Wang, GaoCheng (PetroChina Zhejiang Oilfield Company) | Zhao, Chunduan (Schlumberger) | Liang, Xing (PetroChina Zhejiang Oilfield Company) | Pan, Yuanwei (Schlumberger) | Li, Lin (PetroChina Zhejiang Oilfield Company) | Wang, Lizhi (Schlumberger) | Rui, Yun (PetroChina Zhejiang Oilfield Company) | Li, Qingshan (Schlumberger)
Huangjinba shale gas field is located at the south edge of the Sichuan Basin. It has very complex structures, in situ stresses and natural fracture corridors in comparison to adjacent areas in the Sichuan Basin. In recent drilling campaigns, drilling risks have caused some wells to fail in reaching their planned total depth, eventually failing to deliver cost-effective gas production. In order to mitigate drilling risks, e.g. mud loss, collapse, stuck, hang up, gas kick, effective drilling risk prediction is an urgent challenge to address. Integrating quantitative drilling risk prediction methods with qualitative methods could increase the prediction accuracy and avoid or mitigate the drilling risk during the well deployment stage.
In this project, multiple seismic attributes were used to predict natural fracture distributions which qualitatively indicated the locations where drilling risks were likely occur.
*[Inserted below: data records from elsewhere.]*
(* Let $r>2$ and fix $i_-$ with $1\le i_-\le r-1$; put $i_+=i_-+1$. Denote the generators of $H^e_{r+1}$ by $\check T_i$ ($i\in\mathbb Z/(r+1)\mathbb Z$) and $\check T_\rho^{\pm1}$. Then the assignment \[ T_i\mapsto\begin{cases}\check T_i & 1\le i<i_-,\\ \check T_{i_-}\check T_{i_+}\check T_{i_-}^{-1} & i=i_-,\\ \check T_{i+1} & i_+\le i\le r,\end{cases}\qquad T_\rho\mapsto \check T_{i_+}^{-1}\check T_\rho,\quad T_\rho^{-1}\mapsto \check T_\rho^{-1}\check T_{i_+} \] (where the generators $T_i$ of $H^e_r$ are indexed by $i\in\{1,\dots,r\}$ representing $\mathbb Z/r\mathbb Z$) extends to an injective $\mathcal A$-algebra homomorphism $\phi^e_v:H^e_r\to H^e_{r+1}$.
   Context: $\mathcal A=\mathbb Z[v,v^{-1}]$. For $r>2$, the extended affine Hecke algebra $H^e_r$ of type A (Iwahori–Matsumoto presentation) is the associative unital $\mathcal A$-algebra with generators $T_i$ ($i\in\mathbb Z/r\mathbb Z$) and $T_\rho,T_\rho^{-1}$, subject to: $(T_i-v)(T_i+v^{-1})=0$; $T_iT_{i+1}T_i=T_{i+1}T_iT_{i+1}$; $T_iT_j=T_jT_i$ whenever $i-j\not\equiv\pm1\pmod r$; $T_\rho T_i=T_{i+1}T_\rho$; $T_\rho T_\rho^{-1}=T_\rho^{-1}T_\rho=1$ (all indices taken mod $r$). *)

theory Defs
  imports "HOL-Library.Poly_Mapping" "HOL-Algebra.QuotRing" "HOL-Number_Theory.Cong"
begin

text \<open>Laurent polynomials: the group ring of (int,+) over int, i.e. finitely
  supported functions int => int with convolution product.\<close>
type_synonym laurent = "int \<Rightarrow>\<^sub>0 int"

definition vv :: laurent where "vv = Poly_Mapping.single 1 1"
definition vinv :: laurent where "vinv = Poly_Mapping.single (-1) 1"

datatype 'a word = Word "'a list"

instantiation word :: (type) monoid_add
begin
definition zero_word :: "'a word" where "zero_word = Word []"
fun plus_word :: "'a word \<Rightarrow> 'a word \<Rightarrow> 'a word" where
  "plus_word (Word xs) (Word ys) = Word (xs @ ys)"
instance
proof
  fix a b c :: "'a word"
  show "a + b + c = a + (b + c)" by (cases a; cases b; cases c) auto
  show "0 + a = a" by (cases a) (auto simp: zero_word_def)
  show "a + 0 = a" by (cases a) (auto simp: zero_word_def)
qed
end

datatype gen = T int | Rho | RhoInv

text \<open>Free associative A-algebra: finitely supported functions from words to A
  with the monoid-algebra (convolution) product.\<close>
type_synonym freealg = "gen word \<Rightarrow>\<^sub>0 laurent"

definition letter :: "gen \<Rightarrow> freealg" where
  "letter x = Poly_Mapping.single (Word [x]) 1"

definition const :: "laurent \<Rightarrow> freealg" where
  "const a = Poly_Mapping.single (Word []) a"

definition FA :: "freealg ring" where
  "FA = \<lparr>carrier = UNIV, monoid.mult = (*), one = 1, zero = 0, add = (+)\<rparr>"

text \<open>Generators T_i are indexed by all integers i, with T_i identified with
  T_(i mod r) (indices are taken mod r).\<close>
definition rels :: "nat \<Rightarrow> freealg set" where
  "rels r =
     {letter (T i) - letter (T (i mod int r)) | i. True}
   \<union> {(letter (T i) - const vv) * (letter (T i) + const vinv) | i. True}
   \<union> {letter (T i) * letter (T (i+1)) * letter (T i)
        - letter (T (i+1)) * letter (T i) * letter (T (i+1)) | i. True}
   \<union> {letter (T i) * letter (T j) - letter (T j) * letter (T i) | i j.
        \<not> [i - j = 1] (mod int r) \<and> \<not> [i - j = -1] (mod int r)}
   \<union> {letter Rho * letter (T i) - letter (T (i+1)) * letter Rho | i. True}
   \<union> {letter Rho * letter RhoInv - 1, letter RhoInv * letter Rho - 1}"

definition Hecke :: "nat \<Rightarrow> freealg set ring" where
  "Hecke r = FA Quot (genideal FA (rels r))"

definition cls :: "nat \<Rightarrow> freealg \<Rightarrow> freealg set" where
  "cls r x = a_r_coset FA (genideal FA (rels r)) x"

definition gT :: "nat \<Rightarrow> int \<Rightarrow> freealg set" where "gT r i = cls r (letter (T i))"
definition gRho :: "nat \<Rightarrow> freealg set" where "gRho r = cls r (letter Rho)"
definition gRhoInv :: "nat \<Rightarrow> freealg set" where "gRhoInv r = cls r (letter RhoInv)"
definition scal :: "nat \<Rightarrow> laurent \<Rightarrow> freealg set" where "scal r a = cls r (const a)"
Comprehensive geophysical characterization was performed to identify natural fracture zones and patterns, and their mechanisms were validated by analyzing regional geological and tectonic evolution.
Image log data was then integrated into the natural fracture distribution prediction from seismic to build a DFN (Discrete Fracture Network). This combination of the DFN predicted from seismic data plus quantitative image log information allowed improved accuracy in the prediction of drilling risks.
Following this, natural fracture stability was analyzed by building a 3D geomechanics model in order to predict drilling complex qualitatively. A full field 3D geomechanics model was built through integrating seismic, geological structure, log and core data. The 3D geomechanical model includes 3D anisotropic mechanical properties, 3D pore pressure, and the 3D in-situ stress field. Through leveraging measurements from an advanced sonic tool and core data, the anisotropy of the formation was captured at wellbores and propagated to 3D space guided by prestack seismic inversion data. 3D pore pressure prediction was conducted using seismic data and calibrated against pressure measurements, mud logging data, and flowback data. The discrete fracture network model, which represented multi-scale natural fracture systems, was integrated into the 3D geomechanical model during stress modeling to reflect the disturbance on the in-situ stress field by the presence of the natural fracture systems.
From these models, a drilling map which quantitatively indicated the depth where drilling risk such as mud loss, gas kick, etc. occurred was created along the well trajectory.
This paper presents the highlights and innovations in seismic multi-attributes analysis and full-field geomechanics modeling which integrate qualitative and quantitative methods for drilling risk prediction.